Directions for this task: Your answer should be only the lines below from the one with "sets (PiM K" to the one with "K \<Longrightarrow> measure", repeated exactly, ends included.

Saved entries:
lemma measure_distr_restrict_component_le:
  assumes "\<And>t. t \<in> K \<Longrightarrow> (\<lambda>\<omega>. Z \<omega> t) \<in> borel_measurable P" and "s \<in> K"
  shows "measure (distr P (PiM K (\<lambda>_. borel)) (\<lambda>\<omega>. \<lambda>t\<in>K. Z \<omega> t))
           {x\<in>space (PiM K (\<lambda>_. borel)). x s \<le> (y::real)}
         = measure P {\<omega>\<in>space P. Z \<omega> s \<le> y}"
proof -
  have "{x\<in>space (PiM K (\<lambda>_. borel)). x s \<le> y} \<in> sets (PiM K (\<lambda>_. borel))"
    using measurable_sets[OF measurable_component_singleton[OF assms(2)], of "{..y}" "\<lambda>_. borel"]
    by (simp add: vimage_def Int_def conj_commute)
  then show ?thesis
    using assms by (simp add: measure_distr_restrict space_PiM)
qed

lemma norming_constants_of_neg_exp_margins:
  fixes M :: "'a measure" and eta :: "'a \<Rightarrow> real \<Rightarrow> real"
  assumes "prob_space M"
    and meas: "\<And>t. t \<in> K \<Longrightarrow> (\<lambda>\<omega>. eta \<omega> t) \<in> borel_measurable M"
    and margin: "\<And>t y. t \<in> K \<Longrightarrow> measure M {\<omega>\<in>space M. eta \<omega> t \<le> y} = exp (min y 0)"
    and "s \<in> K" and "a s > 0"
    and law: "process_law M K eta = distr (PiM {..<2} (\<lambda>_. M)) (PiM K (\<lambda>_. borel))
                (\<lambda>\<omega>. \<lambda>t\<in>K. Max ((\<lambda>i. (eta (\<omega> i) t - b t) / a t) ` {..<2::nat}))"
  shows "a s = 1/2 \<and> b s = 0"
proof (rule affine_norming_of_exp_margin)
  fix y :: real
  let ?Pi2 = "PiM {..<2::nat} (\<lambda>_. M)"
  let ?S = "{x\<in>space (PiM K (\<lambda>_. borel)). x s \<le> y}"
  let ?A = "{\<omega>\<in>space M. eta \<omega> s \<le> a s * y + b s}"
  have "(\<lambda>\<omega>. eta (\<omega> i) t) \<in> borel_measurable ?Pi2" if "i < 2" "t \<in> K" for i t
    using that by (intro measurable_compose[OF measurable_component_singleton[of i "{..<2}" "\<lambda>_. M"] meas[OF that(2)]]) auto
  then have Y_meas: "(\<lambda>\<omega>. Max ((\<lambda>i. (eta (\<omega> i) t - b t) / a t) ` {..<2::nat})) \<in> borel_measurable ?Pi2"
    if "t \<in> K" for t
    using that by (intro borel_measurable_Max) auto
  have Max_le_iff: "Max ((\<lambda>i. (eta (\<omega> i) s - b s) / a s) ` {..<2::nat}) \<le> y
      \<longleftrightarrow> \<omega> \<in> PiE {..<2} (\<lambda>_. ?A)"
    if "\<omega> \<in> PiE {..<2} (\<lambda>_. space M)" for \<omega>
    using that \<open>a s > 0\<close>
    by (subst Max_le_iff) (auto simp: PiE_iff divide_le_eq algebra_simps lessThan_empty_iff)
  have "exp (min y 0) = measure M {\<omega>\<in>space M. eta \<omega> s \<le> y}"
    using margin[OF \<open>s \<in> K\<close>] by simp
  also have "\<dots> = measure (process_law M K eta) ?S"
    unfolding process_law_def using meas \<open>s \<in> K\<close> by (simp add: measure_distr_restrict_component_le)
  also have "\<dots> = measure ?Pi2 {\<omega>\<in>space ?Pi2. Max ((\<lambda>i. (eta (\<omega> i) s - b s) / a s) ` {..<2}) \<le> y}"
    unfolding law using Y_meas \<open>s \<in> K\<close> by (rule measure_distr_restrict_component_le)
  also have "{\<omega>\<in>space ?Pi2. Max ((\<lambda>i. (eta (\<omega> i) s - b s) / a s) ` {..<2}) \<le> y} = PiE {..<2} (\<lambda>_. ?A)"
    using Max_le_iff unfolding space_PiM by blast
  also have "measure ?Pi2 (PiE {..<2} (\<lambda>_. ?A)) = exp (min (a s * y + b s) 0) ^ 2"
    using \<open>prob_space M\<close> margin[OF \<open>s \<in> K\<close>] measurable_sets[OF meas[OF \<open>s \<in> K\<close>], of "{..a s * y + b s}"]
    by (subst measure_PiM_PiE_const) (auto simp: vimage_def Int_def conj_commute)
  also have "\<dots> = exp (2 * min (a s * y + b s) 0)"
    by (simp add: power2_eq_square exp_add[symmetric])
  finally show "min y 0 = 2 * min (a s * y + b s) 0" by simp
qed
lemma hypA4_recoveryE:
  assumes A4: "hypA4 T N E W h0"
    and "to_infty s" "hs \<longlonglongrightarrow> 0" "\<And>n. hs n \<in> {0<..h0}" "v \<in> T \<infinity>"
  obtains v\<sigma> vn where "\<And>n. v\<sigma> n \<in> T (ereal (s n))" "(\<lambda>n. norm (v\<sigma> n - v)) \<longlonglongrightarrow> 0"
    "(\<lambda>n. E (ereal (s n)) (v\<sigma> n)) \<longlonglongrightarrow> E \<infinity> v"
    "\<And>n. vn n \<in> W (ereal (s n)) (hs n)" "(\<lambda>n. N (ereal (s n)) (vn n - v\<sigma> n)) \<longlonglongrightarrow> 0"
proof -
  have "0 < h0"
    using A4 unfolding hypA4_def by (elim conjE)
  moreover have A: "\<forall>h\<in>{0..h0}. \<forall>v\<in>(if h = 0 then T \<infinity> else W \<infinity> h). \<forall>s hs.
      to_infty s \<and> (\<forall>n. hs n \<in> {0<..h0}) \<and> (h > 0 \<longrightarrow> (\<forall>n. hs n = h)) \<and> (h = 0 \<longrightarrow> hs \<longlonglongrightarrow> 0) \<longrightarrow>
      (\<exists>v\<sigma> vn. (\<forall>n. v\<sigma> n \<in> T (ereal (s n))) \<and> (\<lambda>n. norm (v\<sigma> n - v)) \<longlonglongrightarrow> 0
         \<and> (\<lambda>n. E (ereal (s n)) (v\<sigma> n)) \<longlonglongrightarrow> E \<infinity> v
         \<and> (\<forall>n. vn n \<in> W (ereal (s n)) (hs n))
         \<and> (\<lambda>n. N (ereal (s n)) (vn n - v\<sigma> n)) \<longlonglongrightarrow> 0)"
    using A4 unfolding hypA4_def by (elim conjE)
  ultimately have "\<exists>v\<sigma> vn. (\<forall>n. v\<sigma> n \<in> T (ereal (s n))) \<and> (\<lambda>n. norm (v\<sigma> n - v)) \<longlonglongrightarrow> 0
         \<and> (\<lambda>n. E (ereal (s n)) (v\<sigma> n)) \<longlonglongrightarrow> E \<infinity> v
         \<and> (\<forall>n. vn n \<in> W (ereal (s n)) (hs n))
         \<and> (\<lambda>n. N (ereal (s n)) (vn n - v\<sigma> n)) \<longlonglongrightarrow> 0"
    using assms(2-5) by (intro A[rule_format, of 0 v s hs]) auto
  then show ?thesis
    by (elim exE conjE) (rule that; simp)
qed
(* Let $\gamma\ge 0$ and define $R(A)=\mathrm{vol}_g(A)+\nu_S\,\mathrm{unit}(A)+\gamma\,\mathrm{pen}(A)$ for $A\subseteq V'$. Use the convention $x/0=+\infty$ for $x>0$. 1. For every $f\in\mathbb{R}^m_+\setminus\{0\}$, $$\frac{R^L(f)}{\mathrm{assoc}_S^L(f)}\ \ge\ \min_{i=1,\dots,m}\frac{R(A_i)}{\mathrm{assoc}_S(A_i)},\qquad A_i=\{j\in V': f_j\ge f_i\}.$$ 2. Consequently, $$\min_{f\in\mathbb{R}^m_+\setminus\{0\}}\frac{R^L(f)}{\mathrm{assoc}^L_S(f)}=\min_{\emptyset\ne A\subseteq V'}\frac{R(A)}{\mathrm{assoc}_S(A)},$$ and the minimum on the left is attained. 3. For any minimizer $f^*$ of the left-hand problem, a set $A^*$ chosen among the thresholded sets $A_i=\{j\in V':f^*_j\ge f^*_i\}$, $i=1,\dots,m$, so as to minimize $R(A_i)/\mathrm{assoc}_S(A_i)$, is a minimizer of the right-hand (set) problem.
   Context: Let $V$ be a finite vertex set with symmetric nonnegative weights $w_{ij}=w_{ji}\ge0$ and $w_{ii}=0$. - $d_i=\sum_{j\in V}w_{ij}$, and $\mathrm{vol}_h(A)=\sum_{i\in A}h_i$. - $\mathrm{assoc}(A)=\sum_{i,j\in A}w_{ij}$ (ordered pairs), and $\mathrm{cut}(A,B)=\sum_{i\in A,j\in B}w_{ij}$. - Fix $S\subseteq V$, $V'=V\setminus S$, $m=|V'|$, and identify $V'$ with $\{1,\dots,m\}$. - $d^S_i=\sum_{j\in S}w_{ij}$, $g:V\to(0,\infty)$, $\mu_S=\mathrm{assoc}(S)$, $\nu_S=\mathrm{vol}_g(S)$. - $\mathrm{unit}(A)=1$ if $A\ne\emptyset$ and $0$ otherwise. - $\mathrm{assoc}_S(A)=\mathrm{vol}_d(A)-\mathrm{cut}(A,V'\setminus A)+\mathrm{vol}_{d^S}(A)+\mu_S\,\mathrm{unit}(A)$ for $A\subseteq V'$. Constraint data: $M_1,\dots,M_p\in[0,\infty)^V$; reals $k_j,l_j$; a symmetric $\mathrm{dist}:V\times V\to[0,\infty)$ with $\mathrm{dist}(u,u)=0$; and $d_0\ge0$. Penalty: $\mathrm{pen}(\emptyset)=0$, and for $A\ne\emptyset$, $$\mathrm{pen}(A)=\sum_{j}\max\{0,\mathrm{vol}_{M_j}(A)-l_j\}+\sum_j\max\{0,k_j-\mathrm{vol}_{M_j}(A)\}+\sum_{u,v\in A}\max\{0,\mathrm{dist}(u,v)-d_0\}.$$ Lovasz extension: for a set function $F:2^{V'}\to\mathbb{R}$ with $F(\emptyset)=0$ and $f\in\mathbb{R}^m$, choose a permutation $\pi$ with $f_{\pi(1)}\le\dots\le f_{\pi(m)}$ and let $B_i=\{\pi(i),\dots,\pi(m)\}$. Then $$F^L(f)=\sum_{i=1}^{m-1}F(B_{i+1})\,(f_{\pi(i+1)}-f_{\pi(i)})+F(V')\,f_{\pi(1)}.$$ *)

theory Defs
  imports Main "HOL-Library.Extended_Real"
begin
(* Let $D$ be a digraph and $X, Y \subseteq V(D)$ such that no vertex of $X$ has an ingoing edge and no vertex of $Y$ has an outgoing edge. Let $D'$ be a subdigraph of $D$ obtained by deleting finitely many vertices of $D$ and then deleting finitely many edges from the resulting digraph, with $X, Y \subseteq V(D')$. If $X$ is incompressible to $Y$ in $D'$, then $X$ is incompressible to $Y$ in $D$.
   Context: Digraphs have no loops or parallel edges. An $(A,B)$-path is a directed path whose initial vertex is in $A$, whose terminal vertex is in $B$, and which is internally disjoint from $A \cup B$; an $(A,B)$-path-system is a set of pairwise vertex-disjoint $(A,B)$-paths. $V^-(\mathcal{P})$ and $V^+(\mathcal{P})$ are the sets of initial and terminal vertices of the paths in $\mathcal{P}$. In a digraph $H$, $A$ is joinable to $B$ if there is an $(A,B)$-path-system $\mathcal{P}$ in $H$ with $V^-(\mathcal{P}) = A$; the set of such systems is $\mathfrak{J}_H(A,B)$. If $A$ is joinable to $B$ in $H$, then $A$ is incompressible to $B$ in $H$ if $V^+(\mathcal{P}) = B$ for every $\mathcal{P} \in \mathfrak{J}_H(A,B)$. *)

theory Defs
  imports Main
begin

definition digraph :: "'a set \<Rightarrow> ('a \<times> 'a) set \<Rightarrow> bool" where
  "digraph V E \<longleftrightarrow> E \<subseteq> V \<times> V \<and> (\<forall>v. (v, v) \<notin> E)"

definition dpath :: "'a set \<Rightarrow> ('a \<times> 'a) set \<Rightarrow> 'a list \<Rightarrow> bool" where
  "dpath V E p \<longleftrightarrow> p \<noteq> [] \<and> distinct p \<and> set p \<subseteq> V \<and>
     (\<forall>i. Suc i < length p \<longrightarrow> (p ! i, p ! Suc i) \<in> E)"

definition AB_path :: "'a set \<Rightarrow> ('a \<times> 'a) set \<Rightarrow> 'a set \<Rightarrow> 'a set \<Rightarrow> 'a list \<Rightarrow> bool" where
  "AB_path V E A B p \<longleftrightarrow> dpath V E p \<and> hd p \<in> A \<and> last p \<in> B \<and>
     (\<forall>i. 0 < i \<and> i < length p - 1 \<longrightarrow> p ! i \<notin> A \<union> B)"

definition AB_path_system :: "'a set \<Rightarrow> ('a \<times> 'a) set \<Rightarrow> 'a set \<Rightarrow> 'a set \<Rightarrow> 'a list set \<Rightarrow> bool" where
  "AB_path_system V E A B P \<longleftrightarrow> (\<forall>p\<in>P. AB_path V E A B p) \<and>
     (\<forall>p\<in>P. \<forall>q\<in>P. p \<noteq> q \<longrightarrow> set p \<inter> set q = {})"

definition Vminus :: "'a list set \<Rightarrow> 'a set" where
  "Vminus P = hd ` P"

definition Vplus :: "'a list set \<Rightarrow> 'a set" where
  "Vplus P = last ` P"

definition joinings :: "'a set \<Rightarrow> ('a \<times> 'a) set \<Rightarrow> 'a set \<Rightarrow> 'a set \<Rightarrow> 'a list set set" where
  "joinings V E A B = {P. AB_path_system V E A B P \<and> Vminus P = A}"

Response area:
  have "{x\<in>space (PiM K (\<lambda>_. borel)). x s \<le> y} \<in> sets (PiM K (\<lambda>_. borel))"
    using measurable_sets[OF measurable_component_singleton[OF assms(2)], of "{..y}" "\<lambda>_. borel"]
    by (simp add: vimage_def Int_def conj_commute)
  then show ?thesis
    using assms by (simp add: measure_distr_restrict space_PiM)
qed

lemma norming_constants_of_neg_exp_margins:
  fixes M :: "'a measure" and eta :: "'a \<Rightarrow> real \<Rightarrow> real"
  assumes "prob_space M"
    and meas: "\<And>t. t \<in> K \<Longrightarrow> (\<lambda>\<omega>. eta \<omega> t) \<in> borel_measurable M"
    and margin: "\<And>t y. t \<in> K \<Longrightarrow> measure M {\<omega>\<in>space M. eta \<omega> t \<le> y} = exp (min y 0)"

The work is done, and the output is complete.